Tally the lines below that hold the string "functions", and report the tally by itself.

— Data for review —
....
(* Consider the network $\Sigma$ described in the context. The following assertions are equivalent: (i) $\Sigma$ is well-posed. (ii) $\Sigma$ is well-posed and there exist $C>0$ and $\kappa\in\mathcal{K}_\infty$ such that for all $x\in X$ and $u\in U$, $|f(x,u)|_\infty \le C+\kappa(|x|_\infty)+\kappa(|u|_\infty)$. (iii) There exist $C>0$ and $\kappa\in\mathcal{K}_\infty$ such that for all $i\in\mathbb{N}$ and all $x_i\in\mathbb{R}^{n_i}$, $\bar x_i\in X(I_i)$, $u_i\in\mathbb{R}^{p_i}$, $|f_i(x_i,\bar x_i,u_i)| \le C+\kappa(|x_i|)+\kappa(|\bar x_i|)+\kappa(|u_i|)$.
   Context: Let $\mathbb{N}=\{1,2,\dots\}$. For each $i\in\mathbb{N}$ fix positive integers $n_i,p_i$, norms $|\cdot|$ on $\mathbb{R}^{n_i}$ and on $\mathbb{R}^{p_i}$, and a finite set $I_i\subset\mathbb{N}\setminus\{i\}$, such that for every $i\in\mathbb{N}$ the set $\{j\in\mathbb{N}: i\in I_j\}$ is finite. Let $X(I_i):=\prod_{j\in I_i}\mathbb{R}^{n_j}$ with norm $|\bar x_i|:=\sup_{j\in I_i}|x_j|$ for $\bar x_i=(x_j)_{j\in I_i}$. For each $i$ let $f_i:\mathbb{R}^{n_i}\times X(I_i)\times\mathbb{R}^{p_i}\to\mathbb{R}^{n_i}$ be continuous (subsystem $\Sigma_i: x_i^+=f_i(x_i,\bar x_i,u_i)$). Let $X:=\{x=(x_i)_{i\in\mathbb{N}}: x_i\in\mathbb{R}^{n_i},\ \sup_i|x_i|<\infty\}$ with norm $|x|_\infty:=\sup_i|x_i|$, and $U:=\{u=(u_i)_{i\in\mathbb{N}}: u_i\in\mathbb{R}^{p_i},\ \sup_i|u_i|<\infty\}$ with norm $|u|_\infty:=\sup_i|u_i|$. Let $X_E:=\prod_{i\in\mathbb{N}}\mathbb{R}^{n_i}$ and define $f:X_E\times U\to X_E$ by $f(x,u)_i:=f_i(x_i,(x_j)_{j\in I_i},u_i)$. The network $\Sigma$ is $x^+=f(x,u)$. $\Sigma$ is called well-posed if $f(x,u)\in X$ for all $x\in X$, $u\in U$. $\mathcal{K}_\infty$ denotes the continuous, strictly increasing, unbounded functions $\gamma:[0,\infty)\to[0,\infty)$ with $\gamma(0)=0$. *)

theory Defs
  imports "HOL-Analysis.Analysis"
begin

text \<open>R^n is modelled as the functions nat => real vanishing outside the indices below n.\<close>
definition Vsp :: "nat \<Rightarrow> (nat \<Rightarrow> real) set" where
  "Vsp n = {v. \<forall>k\<ge>n. v k = 0}"

definition is_norm_on :: "nat \<Rightarrow> ((nat \<Rightarrow> real) \<Rightarrow> real) \<Rightarrow> bool" where
  "is_norm_on n N \<longleftrightarrow>
     (\<forall>v\<in>Vsp n. 0 \<le> N v \<and> (N v = 0 \<longleftrightarrow> v = (\<lambda>_. 0))) \<and>
     (\<forall>c v. v \<in> Vsp n \<longrightarrow> N (\<lambda>k. c * v k) = \<bar>c\<bar> * N v) \<and>
     (\<forall>v\<in>Vsp n. \<forall>w\<in>Vsp n. N (\<lambda>k. v k + w k) \<le> N v + N w)"

text \<open>X(I): families (y_j) indexed by j in I, y_j in R^(n_j); normalised to 0 outside I.\<close>
definition Xbar :: "(nat \<Rightarrow> nat) \<Rightarrow> nat set \<Rightarrow> (nat \<Rightarrow> nat \<Rightarrow> real) set" where
  "Xbar n I = {y. (\<forall>j\<in>I. y j \<in> Vsp (n j)) \<and> (\<forall>j. j \<notin> I \<longrightarrow> y j = (\<lambda>_. 0))}"

text \<open>sup norm on X(I) (I finite; the empty supremum is 0).\<close>
definition barnorm :: "(nat \<Rightarrow> (nat \<Rightarrow> real) \<Rightarrow> real) \<Rightarrow> nat set \<Rightarrow> (nat \<Rightarrow> nat \<Rightarrow> real) \<Rightarrow> real" where
  "barnorm N I y = Max (insert 0 ((\<lambda>j. N j (y j)) ` I))"

definition restr :: "nat set \<Rightarrow> (nat \<Rightarrow> nat \<Rightarrow> real) \<Rightarrow> (nat \<Rightarrow> nat \<Rightarrow> real)" where
  "restr I x = (\<lambda>j. if j \<in> I then x j else (\<lambda>_. 0))"

definition seqsp :: "(nat \<Rightarrow> nat) \<Rightarrow> (nat \<Rightarrow> (nat \<Rightarrow> real) \<Rightarrow> real) \<Rightarrow> (nat \<Rightarrow> nat \<Rightarrow> real) set" where
  "seqsp n N = {x. (\<forall>i. x i \<in> Vsp (n i)) \<and> (\<exists>B. \<forall>i. N i (x i) \<le> B)}"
....
— Answer for the task —
2